§ **WHAT THE TASK REQUIRES**
Go through the entries below and say how many lines contain the string "imports"; write only that number.

§ **TASK INPUTS**
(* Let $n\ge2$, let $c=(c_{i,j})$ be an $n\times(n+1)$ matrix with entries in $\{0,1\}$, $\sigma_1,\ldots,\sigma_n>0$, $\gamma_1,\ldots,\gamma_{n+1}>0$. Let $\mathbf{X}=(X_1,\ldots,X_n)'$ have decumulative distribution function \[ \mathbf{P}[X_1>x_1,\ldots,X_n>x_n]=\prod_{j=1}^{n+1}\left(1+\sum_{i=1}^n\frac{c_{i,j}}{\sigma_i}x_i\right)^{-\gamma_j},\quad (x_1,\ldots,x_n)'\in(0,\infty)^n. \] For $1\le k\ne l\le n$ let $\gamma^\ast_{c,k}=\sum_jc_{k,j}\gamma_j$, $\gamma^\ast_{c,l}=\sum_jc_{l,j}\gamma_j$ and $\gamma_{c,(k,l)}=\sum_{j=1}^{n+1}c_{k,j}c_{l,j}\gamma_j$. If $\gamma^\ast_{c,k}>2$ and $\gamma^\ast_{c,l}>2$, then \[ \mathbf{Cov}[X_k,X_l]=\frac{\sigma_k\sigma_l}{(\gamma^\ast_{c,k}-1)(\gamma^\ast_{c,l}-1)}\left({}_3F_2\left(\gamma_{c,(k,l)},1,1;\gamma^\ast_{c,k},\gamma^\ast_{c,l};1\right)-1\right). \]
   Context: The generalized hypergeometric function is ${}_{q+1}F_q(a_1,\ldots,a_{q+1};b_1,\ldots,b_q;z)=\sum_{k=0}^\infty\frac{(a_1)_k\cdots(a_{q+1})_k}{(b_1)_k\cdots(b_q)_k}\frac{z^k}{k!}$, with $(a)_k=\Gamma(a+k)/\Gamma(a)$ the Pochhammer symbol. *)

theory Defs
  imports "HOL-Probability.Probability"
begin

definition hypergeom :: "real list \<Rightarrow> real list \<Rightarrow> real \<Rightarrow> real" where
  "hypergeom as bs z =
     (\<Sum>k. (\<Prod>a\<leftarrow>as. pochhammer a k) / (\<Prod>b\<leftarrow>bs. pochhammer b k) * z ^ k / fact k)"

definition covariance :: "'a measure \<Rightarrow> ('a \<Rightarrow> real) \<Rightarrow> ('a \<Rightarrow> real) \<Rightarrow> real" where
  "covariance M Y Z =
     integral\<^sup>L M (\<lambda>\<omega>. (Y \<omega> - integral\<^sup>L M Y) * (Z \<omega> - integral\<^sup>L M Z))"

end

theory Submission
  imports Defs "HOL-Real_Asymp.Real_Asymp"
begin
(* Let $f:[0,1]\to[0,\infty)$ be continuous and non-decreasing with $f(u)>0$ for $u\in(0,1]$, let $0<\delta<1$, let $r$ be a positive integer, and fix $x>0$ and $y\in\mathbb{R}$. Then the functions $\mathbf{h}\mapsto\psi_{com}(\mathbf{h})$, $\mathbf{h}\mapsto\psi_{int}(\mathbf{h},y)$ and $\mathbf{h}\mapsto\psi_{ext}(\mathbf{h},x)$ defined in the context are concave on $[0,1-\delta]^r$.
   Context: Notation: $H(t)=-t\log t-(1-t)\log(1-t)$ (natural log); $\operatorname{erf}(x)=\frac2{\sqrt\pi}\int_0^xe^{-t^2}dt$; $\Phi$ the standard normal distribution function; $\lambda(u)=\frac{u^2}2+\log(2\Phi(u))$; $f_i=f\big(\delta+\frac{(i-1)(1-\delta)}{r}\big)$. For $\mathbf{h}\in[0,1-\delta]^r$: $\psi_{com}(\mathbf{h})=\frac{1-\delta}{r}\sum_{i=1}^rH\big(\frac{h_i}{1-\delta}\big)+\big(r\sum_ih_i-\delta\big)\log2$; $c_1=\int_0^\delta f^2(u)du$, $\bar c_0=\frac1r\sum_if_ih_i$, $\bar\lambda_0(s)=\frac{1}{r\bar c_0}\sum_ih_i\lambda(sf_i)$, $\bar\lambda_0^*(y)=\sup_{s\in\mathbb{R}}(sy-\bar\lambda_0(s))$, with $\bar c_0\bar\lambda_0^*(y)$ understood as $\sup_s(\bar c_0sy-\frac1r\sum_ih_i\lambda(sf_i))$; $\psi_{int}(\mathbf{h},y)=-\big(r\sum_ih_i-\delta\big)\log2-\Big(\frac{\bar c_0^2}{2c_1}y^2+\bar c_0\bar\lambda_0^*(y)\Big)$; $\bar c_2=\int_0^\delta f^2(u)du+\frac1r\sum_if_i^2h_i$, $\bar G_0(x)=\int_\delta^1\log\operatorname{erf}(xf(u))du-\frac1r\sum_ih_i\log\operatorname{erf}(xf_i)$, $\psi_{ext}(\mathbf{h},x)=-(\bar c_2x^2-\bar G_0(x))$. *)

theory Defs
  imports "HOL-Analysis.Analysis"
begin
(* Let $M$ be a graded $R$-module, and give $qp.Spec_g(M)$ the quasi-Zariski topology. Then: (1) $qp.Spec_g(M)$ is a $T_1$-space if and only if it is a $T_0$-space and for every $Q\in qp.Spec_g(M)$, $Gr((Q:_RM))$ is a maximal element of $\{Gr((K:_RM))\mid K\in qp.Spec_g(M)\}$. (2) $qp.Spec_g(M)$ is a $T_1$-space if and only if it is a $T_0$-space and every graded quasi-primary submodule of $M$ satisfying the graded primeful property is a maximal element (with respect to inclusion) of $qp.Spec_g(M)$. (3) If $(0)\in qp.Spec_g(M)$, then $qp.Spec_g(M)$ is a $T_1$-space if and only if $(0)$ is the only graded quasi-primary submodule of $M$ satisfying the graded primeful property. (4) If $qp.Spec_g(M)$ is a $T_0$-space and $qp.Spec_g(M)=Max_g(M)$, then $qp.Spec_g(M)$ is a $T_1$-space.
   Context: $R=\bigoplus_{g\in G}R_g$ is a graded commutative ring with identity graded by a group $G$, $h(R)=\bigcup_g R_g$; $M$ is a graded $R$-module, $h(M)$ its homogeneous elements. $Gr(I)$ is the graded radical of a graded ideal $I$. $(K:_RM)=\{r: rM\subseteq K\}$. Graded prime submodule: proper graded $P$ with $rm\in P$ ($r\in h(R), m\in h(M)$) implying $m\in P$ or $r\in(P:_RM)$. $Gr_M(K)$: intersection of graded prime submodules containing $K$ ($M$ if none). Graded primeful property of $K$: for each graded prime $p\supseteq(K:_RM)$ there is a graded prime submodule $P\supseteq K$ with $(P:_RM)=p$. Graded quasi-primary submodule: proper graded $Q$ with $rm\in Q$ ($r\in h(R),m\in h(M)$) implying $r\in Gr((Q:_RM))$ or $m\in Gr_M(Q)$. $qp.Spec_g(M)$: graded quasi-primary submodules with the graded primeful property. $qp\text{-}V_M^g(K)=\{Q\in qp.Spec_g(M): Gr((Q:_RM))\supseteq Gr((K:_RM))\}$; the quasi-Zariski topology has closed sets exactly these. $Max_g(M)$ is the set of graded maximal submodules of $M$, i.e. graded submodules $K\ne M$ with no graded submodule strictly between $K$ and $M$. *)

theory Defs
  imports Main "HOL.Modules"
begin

§ **EXERCISE ANSWER**
4